ELF includes compressor and decompressor packages as well as xorcompressor and xordecompressor.
This package includes 7 different XOR-based compression algorithms and provides a standard ICompressor interface. The erasing operation is abstracted as AbstractElfCompressor.
- ElfCompressor: This class is the complete elf compression algorithm.
- ElfOnChimpCompressor: This class is pre-processed for erasure and then compressed using the Chimp algorithm.
- ElfOnChimpNCompressor: This class is pre-processed for erasure and then compressed using the Chimp128 algorithm.
- ElfOnGorillaCompressorOS: This class is pre-processed for erasure and then compressed using the Gorilla algorithm.
- GorillaCompressorOS: This class is the Gorilla algorithm using Bitstream I/O optimization.
- ChimpCompressor: This class is the original chimp algorithm.
- ChimpNCompressor: This class is the original chimp128 algorithm.
This package includes the decompressors corresponding to the above 7 compressors and gives the standard IDecompressor interface
This package is a compressed encoding of post-erase data designed for XOR-based operations
This package is a decompression of the erased data designed based on the XOR-based operation code.
We recommend IntelliJ IDEA for developing this project. In our experiment, the default data block size is 1000. That is, 1000 pieces of data are read in each time for compression testing. If the size of the data set is less than 1000, we will not read it. The final experimental result is an average calculation of the compression of all data blocks.

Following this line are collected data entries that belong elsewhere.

(* Let $\mathbb O=\{-m,\dots,0,\dots,M\}$ with integers $m,M\ge1$, and $\theta=0$. For every $x(0)\in\mathbb O^n$: if there exists a finite legal update sequence starting from $x(0)$ along which the opinion trajectory reaches the consensus state $(0,\dots,0)$, then there exists a finite legal update sequence starting from $x(0)$ containing no crossing update along which the opinion trajectory reaches $(0,\dots,0)$.
   Context: Let $n\ge1$, $\mathcal V=\{1,\dots,n\}$, and let $W=(w_{ij})$ be an $n\times n$ row-stochastic matrix. For $x\in\mathbb O^n$, $i\in\mathcal V$, $z\in\mathbb O$, define $C^i_{\mathrm{social}}(z;x)=\sum_{j=1}^n w_{ij}|z-x_j|$ and $P_i(x)=\{z\in\mathbb O: C^i_{\mathrm{social}}(z;x)\le C^i_{\mathrm{social}}(x_i;x),\ |z-\theta|\le |x_i-\theta|\}$. A legal update sequence from $x(0)$ is a finite sequence $(i_1,z_1),\dots,(i_T,z_T)$ with $i_t\in\mathcal V$, generating $x(1),\dots,x(T)$ where $x(t)$ is obtained from $x(t-1)$ by setting coordinate $i_t$ to $z_t$, such that $z_t\in P_{i_t}(x(t-1))$ for every $t$. The update at step $t$ is a crossing update if $(x_{i_t}(t)-\theta)(x_{i_t}(t-1)-\theta)<0$. *)

theory Defs
  imports Complex_Main
begin

text \<open>Agents are V = {1..n}; a state is a function nat => int, only its values on {1..n} matter.
  W is given as a function nat => nat => real, meaningful on {1..n} x {1..n}.\<close>

definition opinions :: "int \<Rightarrow> int \<Rightarrow> int set" where
  "opinions m M = {-m..M}"

definition row_stochastic :: "nat \<Rightarrow> (nat \<Rightarrow> nat \<Rightarrow> real) \<Rightarrow> bool" where
  "row_stochastic n W \<longleftrightarrow>
     (\<forall>i\<in>{1..n}. \<forall>j\<in>{1..n}. W i j \<ge> 0) \<and> (\<forall>i\<in>{1..n}. (\<Sum>j=1..n. W i j) = 1)"

definition C_social :: "nat \<Rightarrow> (nat \<Rightarrow> nat \<Rightarrow> real) \<Rightarrow> nat \<Rightarrow> int \<Rightarrow> (nat \<Rightarrow> int) \<Rightarrow> real" where
  "C_social n W i z x = (\<Sum>j=1..n. W i j * real_of_int \<bar>z - x j\<bar>)"

definition P_set :: "int set \<Rightarrow> int \<Rightarrow> nat \<Rightarrow> (nat \<Rightarrow> nat \<Rightarrow> real) \<Rightarrow> nat \<Rightarrow> (nat \<Rightarrow> int) \<Rightarrow> int set" where
  "P_set O\<^sub>s \<theta> n W i x =
     {z \<in> O\<^sub>s. C_social n W i z x \<le> C_social n W i (x i) x \<and> \<bar>z - \<theta>\<bar> \<le> \<bar>x i - \<theta>\<bar>}"

text \<open>Trajectory generated by an update sequence: traj x us t = x(t), for t <= length us.\<close>
fun traj :: "(nat \<Rightarrow> int) \<Rightarrow> (nat \<times> int) list \<Rightarrow> nat \<Rightarrow> nat \<Rightarrow> int" where
  "traj x us 0 = x"
| "traj x us (Suc t) = (traj x us t)(fst (us ! t) := snd (us ! t))"

definition legal_seq :: "int set \<Rightarrow> int \<Rightarrow> nat \<Rightarrow> (nat \<Rightarrow> nat \<Rightarrow> real) \<Rightarrow> (nat \<Rightarrow> int) \<Rightarrow> (nat \<times> int) list \<Rightarrow> bool" where
  "legal_seq O\<^sub>s \<theta> n W x us \<longleftrightarrow>
     (\<forall>t < length us. fst (us ! t) \<in> {1..n} \<and>
        snd (us ! t) \<in> P_set O\<^sub>s \<theta> n W (fst (us ! t)) (traj x us t))"

definition crossing_update :: "int \<Rightarrow> (nat \<Rightarrow> int) \<Rightarrow> (nat \<times> int) list \<Rightarrow> nat \<Rightarrow> bool" where
  "crossing_update \<theta> x us t \<longleftrightarrow>
     (let i = fst (us ! t) in
        (traj x us (Suc t) i - \<theta>) * (traj x us t i - \<theta>) < 0)"

definition consensus_zero :: "nat \<Rightarrow> (nat \<Rightarrow> int) \<Rightarrow> bool" where
  "consensus_zero n y \<longleftrightarrow> (\<forall>j\<in>{1..n}. y j = 0)"

definition reaches :: "nat \<Rightarrow> (nat \<Rightarrow> int) \<Rightarrow> (nat \<times> int) list \<Rightarrow> bool" where
  "reaches n x us \<longleftrightarrow> (\<exists>t \<le> length us. consensus_zero n (traj x us t))"

end

theory Submission
  imports Defs
begin

text \<open>The given sequence is replayed on a shadow state \<open>y\<close> in which every agent either agrees
  with the original trajectory or already holds the opinion \<open>0\<close>. An update of an agent that still
  agrees is copied if it does not cross \<open>0\<close> and replaced by a move to \<open>0\<close> otherwise; an agent
  already at \<open>0\<close> is updated to \<open>0\<close>. Zeroing other agents only helps a move towards \<open>0\<close> on the
  same side, and by convexity of the social cost a crossing move that does not increase the cost
  can be replaced by the move to \<open>0\<close>. So the shadow sequence is legal, never crosses, and reaches
  consensus at \<open>0\<close> whenever the original one does.\<close>

lemma traj_Cons: "traj x (u # us) (Suc t) = traj (x(fst u := snd u)) us t"
  by (induction t) (simp_all only: traj.simps nth_Cons_0 nth_Cons_Suc)

lemma legal_seq_Nil [simp]: "legal_seq Os \<theta> n W x []"
  unfolding legal_seq_def by simp

lemma legal_seq_Cons:
  "legal_seq Os \<theta> n W x (u # us) \<longleftrightarrow>
     fst u \<in> {1..n} \<and> snd u \<in> P_set Os \<theta> n W (fst u) x \<and> legal_seq Os \<theta> n W (x(fst u := snd u)) us"
  unfolding legal_seq_def
  by (auto simp: less_Suc_eq_0_disj traj_Cons simp del: traj.simps(2))

lemma crossing_update_Cons_0:
  "crossing_update \<theta> x (u # us) 0 \<longleftrightarrow> (snd u - \<theta>) * (x (fst u) - \<theta>) < 0"
  unfolding crossing_update_def by simp

lemma crossing_update_Cons_Suc:
  "crossing_update \<theta> x (u # us) (Suc t) \<longleftrightarrow> crossing_update \<theta> (x(fst u := snd u)) us t"
  unfolding crossing_update_def by (simp only: traj_Cons nth_Cons_Suc)

lemma reaches_Nil [simp]: "reaches n x [] \<longleftrightarrow> consensus_zero n x"
  unfolding reaches_def by simp

lemma reaches_Cons: "reaches n x (u # us) \<longleftrightarrow> consensus_zero n x \<or> reaches n (x(fst u := snd u)) us"
proof -
  have "(\<exists>t\<le>length (u # us). consensus_zero n (traj x (u # us) t)) \<longleftrightarrow>
        consensus_zero n (traj x (u # us) 0) \<or>
        (\<exists>t\<le>length us. consensus_zero n (traj x (u # us) (Suc t)))"
    by (metis Suc_le_mono length_Cons not0_implies_Suc zero_le)
  then show ?thesis
    unfolding reaches_def by (simp only: traj_Cons traj.simps(1))
qed

lemma abs_diff_gain_le_same_side:
  fixes z a u :: int
  assumes "0 \<le> z * a" and "\<bar>z\<bar> \<le> \<bar>a\<bar>"
  shows "\<bar>z\<bar> - \<bar>a\<bar> \<le> \<bar>z - u\<bar> - \<bar>a - u\<bar>"
  using assms by (smt (verit) mult_nonneg_nonneg mult_nonpos_nonpos zero_le_mult_iff)

text \<open>Convexity of \<open>\<bar>_ - u\<bar>\<close>: if \<open>z\<close> and \<open>a\<close> have opposite signs, then
  \<open>0 = (\<bar>z\<bar> * a + \<bar>a\<bar> * z) / (\<bar>a\<bar> + \<bar>z\<bar>)\<close>.\<close>
lemma abs_convex_opposite_signs:
  fixes z a u :: int
  assumes "z * a < 0"
  shows "(\<bar>a\<bar> + \<bar>z\<bar>) * \<bar>u\<bar> \<le> \<bar>z\<bar> * \<bar>a - u\<bar> + \<bar>a\<bar> * \<bar>z - u\<bar>"
proof -
  have "\<bar>a - z\<bar> * \<bar>u\<bar> = \<bar>z * (a - u) - a * (z - u)\<bar>"
    by (simp add: algebra_simps abs_mult[symmetric])
  also have "\<dots> \<le> \<bar>z\<bar> * \<bar>a - u\<bar> + \<bar>a\<bar> * \<bar>z - u\<bar>"
    by (metis abs_mult abs_triangle_ineq4)
  moreover have "\<bar>a - z\<bar> = \<bar>a\<bar> + \<bar>z\<bar>"
    using assms by (smt (verit) mult_nonneg_nonneg mult_nonpos_nonpos)
  ultimately show ?thesis by simp
qed

definition agrees_or_zero :: "nat \<Rightarrow> (nat \<Rightarrow> int) \<Rightarrow> (nat \<Rightarrow> int) \<Rightarrow> bool" where
  "agrees_or_zero n x y \<longleftrightarrow> (\<forall>j\<in>{1..n}. y j = x j \<or> y j = 0)"

lemma consensus_zero_if_agrees_or_zero:
  "agrees_or_zero n x y \<Longrightarrow> consensus_zero n x \<Longrightarrow> consensus_zero n y"
  unfolding agrees_or_zero_def consensus_zero_def by auto

lemma C_social_diff_eq:
  "C_social n W i z x - C_social n W i a x =
     (\<Sum>j=1..n. W i j * (real_of_int \<bar>z - x j\<bar> - real_of_int \<bar>a - x j\<bar>))"
  unfolding C_social_def by (simp add: sum_subtractf[symmetric] algebra_simps)

lemma C_social_le_if_agrees_or_zero:
  assumes nonneg: "\<forall>j\<in>{1..n}. W i j \<ge> 0"
    and y: "agrees_or_zero n x y"
    and same_side: "0 \<le> z * a" "\<bar>z\<bar> \<le> \<bar>a\<bar>"
    and le: "C_social n W i z x \<le> C_social n W i a x"
  shows "C_social n W i z y \<le> C_social n W i a y"
proof -
  have "C_social n W i z y - C_social n W i a y \<le> C_social n W i z x - C_social n W i a x"
    unfolding C_social_diff_eq
  proof (rule sum_mono)
    fix j assume j: "j \<in> {1..n}"
    have "real_of_int \<bar>z - y j\<bar> - real_of_int \<bar>a - y j\<bar> \<le> real_of_int \<bar>z - x j\<bar> - real_of_int \<bar>a - x j\<bar>"
    proof (cases "y j = x j")
      case False
      then have "y j = 0" using y j by (auto simp: agrees_or_zero_def)
      then show ?thesis using abs_diff_gain_le_same_side[OF same_side, of "x j"] by simp
    qed simp
    then show "W i j * (real_of_int \<bar>z - y j\<bar> - real_of_int \<bar>a - y j\<bar>)
             \<le> W i j * (real_of_int \<bar>z - x j\<bar> - real_of_int \<bar>a - x j\<bar>)"
      using nonneg j by (simp add: mult_left_mono)
  qed
  then show ?thesis using le by simp
qed

lemma C_social_zero_le_if_crossing:
  assumes nonneg: "\<forall>j\<in>{1..n}. W i j \<ge> 0"
    and crossing: "z * a < 0"
    and le: "C_social n W i z x \<le> C_social n W i a x"
  shows "C_social n W i 0 x \<le> C_social n W i a x"
proof -
  define c where "c = real_of_int \<bar>a\<bar> + real_of_int \<bar>z\<bar>"
  have "a \<noteq> 0"
    using crossing by auto
  then have "c > 0"
    by (simp add: c_def add_pos_nonneg)
  have "c * C_social n W i 0 x \<le> real_of_int \<bar>z\<bar> * C_social n W i a x + real_of_int \<bar>a\<bar> * C_social n W i z x"
    unfolding c_def C_social_def sum_distrib_left sum.distrib[symmetric]
  proof (rule sum_mono)
    fix j assume j: "j \<in> {1..n}"
    have "real_of_int ((\<bar>a\<bar> + \<bar>z\<bar>) * \<bar>0 - x j\<bar>) \<le> real_of_int (\<bar>z\<bar> * \<bar>a - x j\<bar> + \<bar>a\<bar> * \<bar>z - x j\<bar>)"
      using abs_convex_opposite_signs[OF crossing, of "x j"]
      by (simp only: of_int_le_iff diff_0 abs_minus_cancel)
    then have "W i j * real_of_int ((\<bar>a\<bar> + \<bar>z\<bar>) * \<bar>0 - x j\<bar>)
             \<le> W i j * real_of_int (\<bar>z\<bar> * \<bar>a - x j\<bar> + \<bar>a\<bar> * \<bar>z - x j\<bar>)"
      using nonneg j by (simp add: mult_left_mono)
    then show "(real_of_int \<bar>a\<bar> + real_of_int \<bar>z\<bar>) * (W i j * real_of_int \<bar>0 - x j\<bar>)
         \<le> real_of_int \<bar>z\<bar> * (W i j * real_of_int \<bar>a - x j\<bar>) + real_of_int \<bar>a\<bar> * (W i j * real_of_int \<bar>z - x j\<bar>)"
      by (simp add: algebra_simps)
  qed
  also have "\<dots> \<le> real_of_int \<bar>z\<bar> * C_social n W i a x + real_of_int \<bar>a\<bar> * C_social n W i a x"
    using le by (simp add: mult_left_mono)
  also have "\<dots> = c * C_social n W i a x"
    by (simp add: c_def algebra_simps)
  finally show ?thesis
    using \<open>c > 0\<close> by simp
qed

definition shadow_update :: "(nat \<Rightarrow> int) \<Rightarrow> (nat \<Rightarrow> int) \<Rightarrow> nat \<Rightarrow> int \<Rightarrow> int" where
  "shadow_update x y i z = (if y i = x i \<and> 0 \<le> z * x i then z else 0)"

lemma shadow_update_not_crossing: "\<not> shadow_update x y i z * y i < 0"
  unfolding shadow_update_def by (auto simp: mult.commute)

lemma agrees_or_zero_shadow_update:
  "agrees_or_zero n x y \<Longrightarrow> agrees_or_zero n (x(i := z)) (y(i := shadow_update x y i z))"
  unfolding agrees_or_zero_def shadow_update_def by auto

lemma shadow_update_in_P_set:
  assumes nonneg: "\<forall>j\<in>{1..n}. W i j \<ge> 0" and "0 \<in> Os" and "i \<in> {1..n}"
    and y: "agrees_or_zero n x y"
    and z: "z \<in> P_set Os 0 n W i x"
  shows "shadow_update x y i z \<in> P_set Os 0 n W i y"
proof -
  have "z \<in> Os" and cost: "C_social n W i z x \<le> C_social n W i (x i) x" and closer: "\<bar>z\<bar> \<le> \<bar>x i\<bar>"
    using z by (auto simp: P_set_def)
  consider (copy) "y i = x i" "0 \<le> z * x i" | (crossing) "y i = x i" "z * x i < 0" | (at_zero) "y i = 0"
    using y \<open>i \<in> {1..n}\<close> unfolding agrees_or_zero_def by force
  then show ?thesis
  proof cases
    case copy
    then show ?thesis
      using C_social_le_if_agrees_or_zero[of n W i x y z "x i"] nonneg y cost closer \<open>z \<in> Os\<close>
      by (auto simp: shadow_update_def P_set_def)
  next
    case crossing
    then have "C_social n W i 0 x \<le> C_social n W i (x i) x"
      using C_social_zero_le_if_crossing[OF nonneg _ cost] by simp
    then show ?thesis
      using C_social_le_if_agrees_or_zero[of n W i x y 0 "x i"] nonneg y crossing \<open>0 \<in> Os\<close>
      by (auto simp: shadow_update_def P_set_def)
  next
    case at_zero
    then show ?thesis
      using \<open>0 \<in> Os\<close> closer by (auto simp: shadow_update_def P_set_def)
  qed
qed

lemma crossing_free_shadow_seq:
  assumes "legal_seq Os 0 n W x us" "reaches n x us" "0 \<in> Os"
    and "\<forall>i\<in>{1..n}. \<forall>j\<in>{1..n}. W i j \<ge> 0"
    and "agrees_or_zero n x y"
  shows "\<exists>vs. legal_seq Os 0 n W y vs \<and> (\<forall>t < length vs. \<not> crossing_update 0 y vs t) \<and> reaches n y vs"
  using assms
proof (induction us arbitrary: x y)
  case Nil
  then show ?case
    by (intro exI[of _ "[]"]) (simp add: consensus_zero_if_agrees_or_zero)
next
  case (Cons u us)
  show ?case
  proof (cases "consensus_zero n x")
    case True
    then show ?thesis
      using Cons.prems(5) by (intro exI[of _ "[]"]) (simp add: consensus_zero_if_agrees_or_zero)
  next
    case False
    obtain i z where u: "u = (i, z)" by force
    have i: "i \<in> {1..n}" and z: "z \<in> P_set Os 0 n W i x" and legal: "legal_seq Os 0 n W (x(i := z)) us"
      using Cons.prems(1) u by (auto simp: legal_seq_Cons)
    have reaches: "reaches n (x(i := z)) us"
      using Cons.prems(2) False u by (simp add: reaches_Cons)
    define z' where "z' = shadow_update x y i z"
    obtain vs where vs: "legal_seq Os 0 n W (y(i := z')) vs"
        "\<forall>t < length vs. \<not> crossing_update 0 (y(i := z')) vs t" "reaches n (y(i := z')) vs"
      using Cons.IH[OF legal reaches Cons.prems(3,4)] agrees_or_zero_shadow_update[OF Cons.prems(5)]
      unfolding z'_def by blast
    have "z' \<in> P_set Os 0 n W i y"
      unfolding z'_def using shadow_update_in_P_set Cons.prems(3-5) i z by blast
    moreover have "\<not> z' * y i < 0"
      unfolding z'_def by (rule shadow_update_not_crossing)
    ultimately show ?thesis
      using vs i
      by (intro exI[of _ "(i, z') # vs"])
        (auto simp: legal_seq_Cons reaches_Cons crossing_update_Cons_0 crossing_update_Cons_Suc
              less_Suc_eq_0_disj)
  qed
qed

theorem lemma3:
  fixes n :: nat and m M :: int and W :: "nat \<Rightarrow> nat \<Rightarrow> real" and x0 :: "nat \<Rightarrow> int"
  assumes "n \<ge> 1" and "m \<ge> 1" and "M \<ge> 1"
    and "row_stochastic n W"
    and "\<forall>j\<in>{1..n}. x0 j \<in> opinions m M"
    and "\<exists>us. legal_seq (opinions m M) 0 n W x0 us \<and> reaches n x0 us"
  shows "\<exists>us. legal_seq (opinions m M) 0 n W x0 us
               \<and> (\<forall>t < length us. \<not> crossing_update 0 x0 us t)
               \<and> reaches n x0 us"
proof -
  obtain us where "legal_seq (opinions m M) 0 n W x0 us" "reaches n x0 us"
    using assms(6) by blast
  moreover have "0 \<in> opinions m M"
    using assms(2,3) by (simp add: opinions_def)
  moreover have "\<forall>i\<in>{1..n}. \<forall>j\<in>{1..n}. W i j \<ge> 0"
    using assms(4) by (simp add: row_stochastic_def)
  moreover have "agrees_or_zero n x0 x0"
    by (simp add: agrees_or_zero_def)
  ultimately show ?thesis
    by (rule crossing_free_shadow_seq)
qed

end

The following resources need to be downloaded and installed:
- Java 8 download: https://www.oracle.com/java/technologies/downloads/#java8
- IntelliJ IDEA download: https://www.jetbrains.com/idea/
- git download:https://git-scm.com/download
- maven download: https://archive.apache.org/dist/maven/maven-3/
Download and install jdk-8, IntelliJ IDEA and git. IntelliJ IDEA's maven project comes with maven, you can also use your own maven environment, just change it in the settings.
Open IntelliJ IDEA, find the git column, and select Clone...
In the Repository URL interface, Version control selects git
URL filling: https://github.com/Spatio-Temporal-Lab/elf.git
File -> Project Structure -> Project -> Project SDK -> add SDK
Click JDK to select the address where you want to download jdk-8
Select the org/urbcomp/startdb/compress/elf package in the test folder, which includes tests for 64bits Double data and 32bits Float data.
In doubleprecision package
- The TestCompressor class includes compression tests for 22 data sets. The test results are saved in result/result.csv in resource.
- The TestBeta class is a compression test for different beta of data. Two data sets with long mantissa are selected and different bits are reserved for compression test. The test results are saved in result/resultBeta.csv in resource.
In singleprecision package
- The TestCompressor class includes compression tests for 22 data sets. The test results are saved in result32/result.csv in resource.
In order to use Elf more conveniently, you must want to use your own data for testing, you can follow the steps below to use your own data set for testing.
When you have a dataset of type double, for example in a csv file. If the form of the data is the same as the data set given in the system, you can put your own dataset in the resources package, and then add the name of your own dataset in FIleName in the TestCompressor class.
In our experiment, the default data block size is 1000. That is, 1000 pieces of data are read in each time for compression testing, and the part of the data set smaller than 1000 cannot be read. If the data set is too small, the result may be empty.